▶ _TASK DIRECTIONS_:
From the entries below, copy out all lines holding "intro".

▶ _RECORD SET_:
text \<open>At most D+1 distinct points of the moment curve in R^D are affinely independent:
  a point in the affine hull of the others would be a root of the polynomial vanishing
  exactly at the others.\<close>
lemma moment_affine_independent:
  fixes e :: "'n::finite \<Rightarrow> nat"
  assumes "bij_betw e UNIV {1..D}" "finite I" "inj_on t I" "card I \<le> D + 1"
  shows "\<not> affine_dependent ((\<lambda>i. moment e (t i)) ` I)"
proof
  let ?m = "\<lambda>i. moment e (t i)"
  assume "affine_dependent (?m ` I)"
  then obtain j where j: "j \<in> I" "?m j \<in> affine hull (?m ` I - {?m j})"
    unfolding affine_dependent_def by blast
  have others: "?m ` I - {?m j} = ?m ` (I - {j})"
    using inj_on_image_set_diff[OF moment_inj_on[OF assms(1,3)], of I "{j}"] j(1) by simp
  define q where "q = (\<Prod>i\<in>I-{j}. [:-t i, 1:])"
  have pq: "poly q s = (\<Prod>i\<in>I-{j}. s - t i)" for s by (simp add: q_def poly_prod)
  have "degree q \<le> card (I - {j})"
    unfolding q_def using degree_prod_sum_le[of "I-{j}" "\<lambda>i. [:-t i, 1:]"] assms(2) by (simp add: o_def)
  also have "\<dots> \<le> D" using assms(2,4) j(1) by simp
  finally obtain u where u: "\<forall>s. inner u (moment e s) = poly q s - coeff q 0"
    using moment_functional_of_poly[OF assms(1)] by blast
  have "?m ` (I - {j}) \<subseteq> {x. inner u x = - coeff q 0}"
    using u pq assms(2) by auto
  then have "affine hull (?m ` (I - {j})) \<subseteq> {x. inner u x = - coeff q 0}"
    by (intro hull_minimal) (auto simp: affine_hyperplane)
  then have "?m j \<in> {x. inner u x = - coeff q 0}" using j(2) unfolding others by blast
  then have "poly q (t j) = 0" using u by simp
  moreover have "(\<Prod>i\<in>I-{j}. t j - t i) \<noteq> 0"
    using assms(2,3) j(1) by (auto simp: inj_on_def)
  ultimately show False using pq by simp
qed

lemma aff_dim_conv_idx:
  fixes e :: "'n::finite \<Rightarrow> nat"
  assumes "bij_betw e UNIV {1..D}" "finite I" "inj_on t I" "card I \<le> D + 1"
  shows "aff_dim (conv_idx e t I) = int (card I) - 1"
  using aff_dim_affine_independent[OF moment_affine_independent[OF assms]]
    card_image[OF moment_inj_on[OF assms(1,3)]]
  by (simp add: conv_idx_def aff_dim_convex_hull)

text \<open>Any D+1 of the points span R^D, so the cyclic polytope is full-dimensional.\<close>
lemma aff_dim_cyclic_polytope:
  fixes e :: "'n::finite \<Rightarrow> nat"
  assumes "bij_betw e UNIV {1..D}" "D + 1 \<le> N" "inj_on t {1..N}"
  shows "aff_dim (cyclic_polytope e t N) = int D"
proof (rule antisym)
  have "aff_dim (cyclic_polytope e t N) \<le> int DIM(real^'n)" by (rule aff_dim_le_DIM)
  then show "aff_dim (cyclic_polytope e t N) \<le> int D"
    using bij_betw_same_card[OF assms(1)] by simp
  have sub: "{1..D+1} \<subseteq> {1..N}" using assms(2) by auto
  have "aff_dim (conv_idx e t {1..D+1}) = int D"
    using aff_dim_conv_idx[OF assms(1) _ inj_on_subset[OF assms(3) sub]] by simp
  moreover have "conv_idx e t {1..D+1} \<subseteq> cyclic_polytope e t N"
    unfolding cyclic_polytope_def conv_idx_def using sub by (intro hull_mono image_mono)
  ultimately show "int D \<le> aff_dim (cyclic_polytope e t N)" by (metis aff_dim_subset)
qed

section \<open>Polynomial certificates for faces\<close>

lemma face_of_cyclic_polytope_hyperplane:
  fixes e :: "'n::finite \<Rightarrow> nat"
  assumes "F \<subseteq> {1..N}" "\<forall>i\<in>{1..N}. inner u (moment e (t i)) \<le> c"
    "\<forall>i\<in>{1..N}. inner u (moment e (t i)) = c \<longleftrightarrow> i \<in> F"
  shows "conv_idx e t F face_of cyclic_polytope e t N"
proof -
  let ?m = "\<lambda>i. moment e (t i)"
  let ?S = "?m ` {1..N}"
  let ?H = "{x. inner u x = c}"
  have "convex hull ?S \<subseteq> {x. inner u x \<le> c}"
    using assms(2) by (intro hull_minimal) (auto simp: convex_halfspace_le)
  then have face: "(convex hull ?S \<inter> ?H) face_of convex hull ?S"
    by (intro face_of_Int_supporting_hyperplane_le) auto
  then obtain S' where S': "S' \<subseteq> ?S" "convex hull ?S \<inter> ?H = convex hull S'"
    using face_of_convex_hull_subset[OF finite_imp_compact] by (metis finite_imageI finite_atLeastAtMost)
  have "S' \<subseteq> ?m ` F"
  proof
    fix y assume y: "y \<in> S'"
    then obtain i where i: "i \<in> {1..N}" "y = ?m i" using S'(1) by blast
    have "inner u y = c" using y S'(2) hull_subset[of S' convex] by blast
    then show "y \<in> ?m ` F" using i assms(3) by blast
  qed
  then have "convex hull ?S \<inter> ?H \<subseteq> convex hull (?m ` F)" using S'(2) by (simp add: hull_mono)
  moreover have "convex hull (?m ` F) \<subseteq> convex hull ?S" using assms(1) by (intro hull_mono) auto
  moreover have "convex hull (?m ` F) \<subseteq> ?H"
    using assms(1,3) by (intro hull_minimal) (auto simp: convex_hyperplane)
  ultimately have eq: "convex hull ?S \<inter> ?H = convex hull (?m ` F)" by blast
  show ?thesis unfolding conv_idx_def cyclic_polytope_def using face[unfolded eq] .
qed

lemma face_of_cyclic_polytope_poly:
  fixes e :: "'n::finite \<Rightarrow> nat" and q :: "real poly"
  assumes "bij_betw e UNIV {1..D}" "degree q \<le> D" "F \<subseteq> {1..N}"
    "\<forall>i\<in>{1..N}. poly q (t i) \<le> 0" "\<forall>i\<in>{1..N}. poly q (t i) = 0 \<longleftrightarrow> i \<in> F"
  shows "conv_idx e t F face_of cyclic_polytope e t N"
proof -
  obtain u where u: "\<forall>s. inner u (moment e s) = poly q s - coeff q 0"
    using moment_functional_of_poly[OF assms(1,2)] by blast
  show ?thesis
  proof (rule face_of_cyclic_polytope_hyperplane[OF assms(3), where u = u and c = "- coeff q 0"])
    show "\<forall>i\<in>{1..N}. inner u (moment e (t i)) \<le> - coeff q 0" using u assms(4) by simp
    show "\<forall>i\<in>{1..N}. inner u (moment e (t i)) = - coeff q 0 \<longleftrightarrow> i \<in> F"
      using u assms(5) by simp
  qed
qed

text \<open>A subset of at most D+1 vertices spans a simplex, all of whose faces are spanned by
  subsets; so subsets of such a face are faces again.\<close>
lemma face_of_simplex_face:
  fixes e :: "'n::finite \<Rightarrow> nat"
  assumes "bij_betw e UNIV {1..D}" "finite G" "inj_on t G" "card G \<le> D + 1" "F \<subseteq> G"
    "conv_idx e t G face_of P"
  shows "conv_idx e t F face_of P"
proof -
  let ?m = "\<lambda>i. moment e (t i)"
  have "\<exists>c\<subseteq>?m ` G. convex hull (?m ` F) = convex hull c"
    using image_mono[OF assms(5), of ?m] by blast
  then have "convex hull (?m ` F) face_of convex hull (?m ` G)"
    by (simp only: face_of_convex_hull_affine_independent[OF moment_affine_independent[OF assms(1-4)]])
  then have "conv_idx e t F face_of conv_idx e t G" by (simp only: conv_idx_def)
  then show ?thesis using assms(6) by (rule face_of_trans)
qed

section \<open>Facets and their root polynomials\<close>

lemma proper_face_outer_normal:
  fixes P :: "(real^'n) set"
  assumes "polyhedron P" "G face_of P" "G \<noteq> {}" "G \<noteq> P"
  shows "\<exists>u. outer_normal P G u"
proof -
  obtain u c where uc: "P \<subseteq> {x. u \<bullet> x \<le> c}" "G = P \<inter> {x. u \<bullet> x = c}"
    using assms(2) exposed_face_of_polyhedron[OF assms(1)] unfolding exposed_face_of_def by blast
  have "u \<noteq> 0"
  proof
    assume "u = 0"
    then have "G = P \<or> G = {}" using uc(2) by (cases "c = 0") auto
    then show False using assms(3,4) by blast
  qed
  then show ?thesis using uc unfolding outer_normal_def by blast
qed

lemma poly_eq_coeff_prod_roots:
  fixes p :: "real poly"
  assumes "degree p \<le> D" "finite R" "card R = D" "\<forall>r\<in>R. poly p r = 0"
  shows "poly p s = coeff p D * (\<Prod>r\<in>R. s - r)"
proof -
  define r0 where "r0 = (\<Prod>r\<in>R. [:-r, 1:])"
  have pr0: "poly r0 s = (\<Prod>r\<in>R. s - r)" for s by (simp add: r0_def poly_prod)
  have dr0: "degree r0 = D" unfolding r0_def
    by (subst degree_prod_eq_sum_degree) (use assms(3) in auto)
  have lr0: "coeff r0 D = 1"
    using lead_coeff_prod[of "\<lambda>r. [:-r, 1:]" R] dr0 by (simp add: r0_def)
  define h where "h = p - smult (coeff p D) r0"
  have "degree (smult (coeff p D) r0) \<le> D" using degree_smult_le[of "coeff p D" r0] dr0 by simp
  then have "degree h \<le> D" unfolding h_def using assms(1) by (intro degree_diff_le)
  moreover have "coeff h D = 0" using lr0 by (simp add: h_def)
  ultimately have small: "h \<noteq> 0 \<Longrightarrow> degree h < D" by (metis le_neq_implies_less leading_coeff_0_iff)
  have "h = 0"
  proof (rule ccontr)
    assume h0: "h \<noteq> 0"
    have "R \<subseteq> {x. poly h x = 0}" using assms(2,4) pr0 by (auto simp: h_def)
    then have "card R \<le> card {x. poly h x = 0}" using poly_roots_finite[OF h0] by (rule card_mono[rotated])
    also have "\<dots> \<le> degree h" by (rule card_poly_roots_bound[OF h0])
    finally show False using small[OF h0] assms(3) by simp
  qed
  then have "p = smult (coeff p D) r0" by (simp add: h_def)
  then show ?thesis by (metis poly_smult pr0)
qed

▶ _SOLUTION_:
    by (intro hull_minimal) (auto simp: affine_hyperplane)
    unfolding cyclic_polytope_def conv_idx_def using sub by (intro hull_mono image_mono)
    using assms(2) by (intro hull_minimal) (auto simp: convex_halfspace_le)
    by (intro face_of_Int_supporting_hyperplane_le) auto
  moreover have "convex hull (?m ` F) \<subseteq> convex hull ?S" using assms(1) by (intro hull_mono) auto
    using assms(1,3) by (intro hull_minimal) (auto simp: convex_hyperplane)
  then have "degree h \<le> D" unfolding h_def using assms(1) by (intro degree_diff_le)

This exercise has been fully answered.